Number of readers per node --

Post questions here relative to DataStage Enterprise/PX Edition for such areas as Parallel job design, Parallel datasets, BuildOps, Wrappers, etc.

Moderators: chulett, rschirm, roy

Satwika
Participant
Posts: 45
Joined: Mon Jan 02, 2012 11:29 pm

Post by Satwika »

ArndW wrote:Run your job in a 1-node configuration and see if the error remains. If it is still there with 1-node then your partitioning is not at the root of the problem.
Hi Andrw

I don't have access to change it single node, i can create the configuration file but can't able to use in job.
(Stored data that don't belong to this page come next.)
lemma no_finite_set_below_itself:
  "finite U \<Longrightarrow> U \<noteq> {} \<Longrightarrow> \<exists>u\<in>U. \<not> lt_set u U"
proof (induction "mset_set U" arbitrary: U rule: wf_induct[OF wf_mult[OF wf_child_rel]])
  case (1 U)
  show ?case
  proof (rule ccontr)
    assume "\<not> (\<exists>u\<in>U. \<not> lt_set u U)"
    then obtain W where W: "finite W" "W \<noteq> {}" "W \<subseteq> children U" "\<forall>u\<in>U. le_set u W"
      using 1 lt_set_common_witness by metis
    then have "\<forall>w\<in>W. lt_set w W" using lt_set_of_child by blast
    moreover have "(mset_set W, mset_set U) \<in> mult child_rel"
      using mset_children_less 1 W by blast
    ultimately show False using 1(1) W by blast
  qed
qed

lemma lt_set_irrefl: "\<not> lt_set a {a}"
  using no_finite_set_below_itself[of "{a}"] by simp

lemma le_set_lt_set_contra:
  assumes "le_set b {a}" "lt_set a {b}"
  shows False
proof -
  obtain T where T: "finite T" "T \<noteq> {}" "T \<subseteq> children {b}" "le_set a T"
    using assms(2) unfolding lt_set_def by blast
  then have "\<forall>t\<in>T. lt_set t {a}" using assms(1) lt_set_of_child by blast
  then obtain W where "finite W" "W \<noteq> {}" "W \<subseteq> children {a}" "\<forall>t\<in>T. le_set t W"
    using T lt_set_common_witness by metis
  with T(4) le_set_trans have "lt_set a {a}" unfolding lt_set_def by blast
  with lt_set_irrefl show False by blast
qed

lemma not_ord_le_and_ord_lt: "\<not> (ord_le b [a] \<and> ord_lt a [b])"
  using le_set_lt_set_contra by (auto simp: ord_le_iff_le_set ord_lt_iff_lt_set)

lemma lt_set_osucc: "le_set a {b} \<Longrightarrow> lt_set a {osucc b}"
  unfolding lt_set_def osucc_def by (intro exI[of _ "{b}"]) (auto simp: children_def)

lemma le_set_funpow_osucc_self: "le_set a {(osucc ^^ k) a}"
  by (induction k) (auto simp: le_set_refl intro: lt_set_imp_le_set lt_set_osucc)

lemma le_set_funpow_osucc:
  assumes "m \<le> n"
  shows "le_set ((osucc ^^ m) a) {(osucc ^^ n) a}"
proof -
  have "(osucc ^^ n) a = (osucc ^^ (n - m)) ((osucc ^^ m) a)"
    using assms by (metis funpow_add comp_apply le_add_diff_inverse2)
  then show ?thesis using le_set_funpow_osucc_self by metis
qed

lemma lt_set_funpow_osucc:
  assumes "m < n"
  shows "lt_set ((osucc ^^ m) a) {(osucc ^^ n) a}"
proof -
  obtain k where "n = Suc k" "m \<le> k" using assms by (cases n) auto
  then show ?thesis using lt_set_osucc[OF le_set_funpow_osucc] by simp
qed

lemma ord_lt_funpow_osucc_iff: "ord_lt ((osucc ^^ m) a) [(osucc ^^ n) a] \<longleftrightarrow> m < n"
proof
  assume "ord_lt ((osucc ^^ m) a) [(osucc ^^ n) a]"
  then show "m < n"
    using le_set_funpow_osucc[of n m a] le_set_lt_set_contra
    by (auto simp: ord_lt_iff_lt_set not_less[symmetric])
qed (simp add: ord_lt_iff_lt_set lt_set_funpow_osucc)

lemma ord_eq_funpow_osucc_imp_eq:
  assumes "ord_eq ((osucc ^^ m) a) ((osucc ^^ n) a)"
  shows "m = n"
proof (rule ccontr)
  assume "m \<noteq> n"
  then have "ord_lt ((osucc ^^ m) a) [(osucc ^^ n) a] \<or> ord_lt ((osucc ^^ n) a) [(osucc ^^ m) a]"
    by (auto simp: ord_lt_funpow_osucc_iff)
  with assms not_ord_le_and_ord_lt show False by (auto simp: ord_eq_def)
qed

lemma onum_eq_funpow_osucc: "onum n = (osucc ^^ n) OZero"
  by (induction n) auto

theorem theorem4p9:
  fixes FF :: "'i set set"
  assumes "index_family FF"
  shows "(\<forall>a b. in_ord FF a \<and> in_ord FF b \<longrightarrow> \<not> (ord_le b [a] \<and> ord_lt a [b]))
       \<and> (\<forall>m n :: nat. m < n \<longleftrightarrow> ord_lt (onum m :: 'i pord) [onum n])
       \<and> (\<forall>m n :: nat. ord_eq (onum m :: 'i pord) (onum n) \<longrightarrow> m = n)
       \<and> (\<forall>a m n. in_ord FF a \<and> m < n \<longrightarrow> \<not> ord_eq ((osucc ^^ n) a) ((osucc ^^ m) a))"
proof (intro conjI allI impI)
  show "\<not> (ord_le b [a] \<and> ord_lt a [b])" for a b :: "'i pord"
    by (rule not_ord_le_and_ord_lt)
  show "m < n \<longleftrightarrow> ord_lt (onum m :: 'i pord) [onum n]" for m n
    by (simp add: onum_eq_funpow_osucc ord_lt_funpow_osucc_iff)
  show "m = n" if "ord_eq (onum m :: 'i pord) (onum n)" for m n
    using that by (simp add: onum_eq_funpow_osucc ord_eq_funpow_osucc_imp_eq)
  show "\<not> ord_eq ((osucc ^^ n) a) ((osucc ^^ m) a)" if "in_ord FF a \<and> m < n" for a m n
    using that ord_eq_funpow_osucc_imp_eq by fastforce
qed

end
Can I have any suggestions on this ?

Thank you
ArndW
Participant
Posts: 16318
Joined: Tue Nov 16, 2004 9:08 am
Location: Germany
Contact:

Post by ArndW »

Yes, you should be able to add the parameter APT_CONFIG_FILE to your job and point it at a 1-node configuration at runtime.
Satwika
Participant
Posts: 45
Joined: Mon Jan 02, 2012 11:29 pm

Post by Satwika »

Hi Andrw

I tried with single node, but still problem exists... any other suggestions please......
ArndW
Participant
Posts: 16318
Joined: Tue Nov 16, 2004 9:08 am
Location: Germany
Contact:

Post by ArndW »

This sounds rather strange indeed.

If you run your job with 1-reader-per-node from the designer with a 1-node $APT_CONFIG_FILE configuration then write down the number of records shown as coming out of the files 1, 2 and 3.
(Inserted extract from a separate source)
(* Let $d\ge2$ and let the copula of a random vector $\boldsymbol Z\in\mathbb{R}^d$ be an Archimedean copula $C^\phi$ with generator $\phi$. Suppose $\phi^{\leftarrow}$ is $d$ times continuously differentiable and $(-D)^j\phi^{\leftarrow}(0)<\infty$ for all $j\in\{1,\dots,d\}$, where $D$ denotes differentiation. Then $\boldsymbol Z$ is both pairwise and mutually asymptotically independent.
   Context: An Archimedean copula is $C^\phi(u_1,\dots,u_d)=\phi^{\leftarrow}(\phi(u_1)+\dots+\phi(u_d))$, $u_j\in[0,1]$, where $\phi:[0,1]\to[0,\infty]$ is convex, decreasing, $\phi(1)=0$, such that $C^\phi$ is a copula, and $\phi^{\leftarrow}(y)=\inf\{u\in[0,1]:\phi(u)\le y\}$. The survival copula $\widehat C$ of $\boldsymbol Z$ is the copula with $\P(Z_1>z_1,\dots,Z_d>z_d)=\widehat C(\overline F_1(z_1),\dots,\overline F_d(z_d))$, $\overline F_j$ the marginal tail functions; $\widehat C_S$ is $\widehat C$ with arguments outside $S$ set to $1$ ($\widehat C_S(u)=u$ if $|S|=1$). Pairwise asymptotic independence: $\widehat C_{\{j,\ell\}}(u,u)=o(u)$ as $u\downarrow0$ for all distinct $j,\ell$. Mutual asymptotic independence: for all $S\subseteq\{1,\dots,d\}$ with $|S|\ge2$ and all $\ell\in S$, $\lim_{u\downarrow0}\widehat C_S(u,\dots,u)/\widehat C_{S\setminus\{\ell\}}(u,\dots,u)=0$ (with $0/0:=0$). *)

theory Defs
  imports "HOL-Analysis.Analysis" "HOL-Library.Extended_Nonnegative_Real" "HOL-Library.Landau_Symbols"
begin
Then change the number of readers per node and re-run the job. Are the numbers displayed in the source stages now different or the same?
PhilHibbs
Premium Member
Premium Member
Posts: 1044
Joined: Wed Sep 29, 2004 3:30 am
Location: Nottingham, UK
Contact:

Post by PhilHibbs »

*Note* Message composed prior to OP's last update, which indicates that partitioning is not the problem, so please treat the following as a general suggestion on partitioning and not as a solution to actual problem.
ArndW wrote:To keep things simple, hash both input links to the join on "Col1" and then sort both on Col1, Col2, Col3, Col5 and Col6.
Whether or not this is good advice depends on the cardinality of Col1, by which I mean "how many distinct values the column contains", and also how long the value in the column is. The ideal column to partition on is something short that has very high cardinality. A postcode or ZIP code in a data set that covers a large geographical area is a good example of this - short, but with lots of different values. Account numbers, Employee IDs, these are good hash partitioning keys. Country Name, not so good, especially if the only values are "USA" and "Canada". If one of the values Col1 Col2 and Col3 matches the "good" criteria that I described, then pick that as your partitioning key, and sort by all three.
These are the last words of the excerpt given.